* Problem statement:
Retype the whole listing below, character for character.

┄┄┄┄┄┄

text \<open>Grounded: there is a bottom symbol d (the paper's dollar) such that all productions
  have the forms S -> A d, A -> r, A -> B f, A f -> r, A d -> s.\<close>
definition grounded ::
  "'n set \<Rightarrow> 't set \<Rightarrow> 'f set \<Rightarrow> ('n, 't, 'f) prod set \<Rightarrow> 'n \<Rightarrow> bool" where
  "grounded N T F P S =
     (indexed_grammar N T F P S \<and>
      (\<exists>d\<in>F. \<forall>p\<in>P. (case p of
          Push A B f \<Rightarrow> (A = S \<and> B \<in> N - {S} \<and> f = d)
                      \<or> (A \<in> N - {S} \<and> B \<in> N - {S} \<and> f \<in> F - {d})
        | Plain A r \<Rightarrow> A \<in> N - {S} \<and> r \<noteq> [] \<and> set r \<subseteq> NT ` (N - {S})
        | Pop A f r \<Rightarrow> A \<in> N - {S} \<and>
                      ((f \<in> F - {d} \<and> r \<noteq> [] \<and> set r \<subseteq> NT ` (N - {S}))
                       \<or> (f = d \<and> set r \<subseteq> TM ` T)))))"

text \<open>Internal nodes carry a nonterminal and a stack (top first); leaves carry a terminal word.\<close>
datatype ('n, 't, 'f) dtree = DNode 'n "'f list" "('n, 't, 'f) dtree list" | DLeaf "'t list"

fun node_lab :: "('n, 't, 'f) dtree \<Rightarrow> ('n \<times> 'f list) option" where
  "node_lab (DNode A x ts) = Some (A, x)"
| "node_lab (DLeaf s) = None"

definition nodes_for :: "'n list \<Rightarrow> 'f list \<Rightarrow> ('n, 't, 'f) dtree list \<Rightarrow> bool" where
  "nodes_for cs x ts = list_all2 (\<lambda>C t. node_lab t = Some (C, x)) cs ts"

┄┄┄┄┄┄

* Result of the task:
text \<open>Grounded: there is a bottom symbol d (the paper's dollar) such that all productions
  have the forms S -> A d, A -> r, A -> B f, A f -> r, A d -> s.\<close>
definition grounded ::
  "'n set \<Rightarrow> 't set \<Rightarrow> 'f set \<Rightarrow> ('n, 't, 'f) prod set \<Rightarrow> 'n \<Rightarrow> bool" where
  "grounded N T F P S =
     (indexed_grammar N T F P S \<and>
      (\<exists>d\<in>F. \<forall>p\<in>P. (case p of
          Push A B f \<Rightarrow> (A = S \<and> B \<in> N - {S} \<and> f = d)
                      \<or> (A \<in> N - {S} \<and> B \<in> N - {S} \<and> f \<in> F - {d})
        | Plain A r \<Rightarrow> A \<in> N - {S} \<and> r \<noteq> [] \<and> set r \<subseteq> NT ` (N - {S})
        | Pop A f r \<Rightarrow> A \<in> N - {S} \<and>
                      ((f \<in> F - {d} \<and> r \<noteq> [] \<and> set r \<subseteq> NT ` (N - {S}))
                       \<or> (f = d \<and> set r \<subseteq> TM ` T)))))"

text \<open>Internal nodes carry a nonterminal and a stack (top first); leaves carry a terminal word.\<close>
datatype ('n, 't, 'f) dtree = DNode 'n "'f list" "('n, 't, 'f) dtree list" | DLeaf "'t list"

fun node_lab :: "('n, 't, 'f) dtree \<Rightarrow> ('n \<times> 'f list) option" where
  "node_lab (DNode A x ts) = Some (A, x)"
| "node_lab (DLeaf s) = None"

definition nodes_for :: "'n list \<Rightarrow> 'f list \<Rightarrow> ('n, 't, 'f) dtree list \<Rightarrow> bool" where
  "nodes_for cs x ts = list_all2 (\<lambda>C t. node_lab t = Some (C, x)) cs ts"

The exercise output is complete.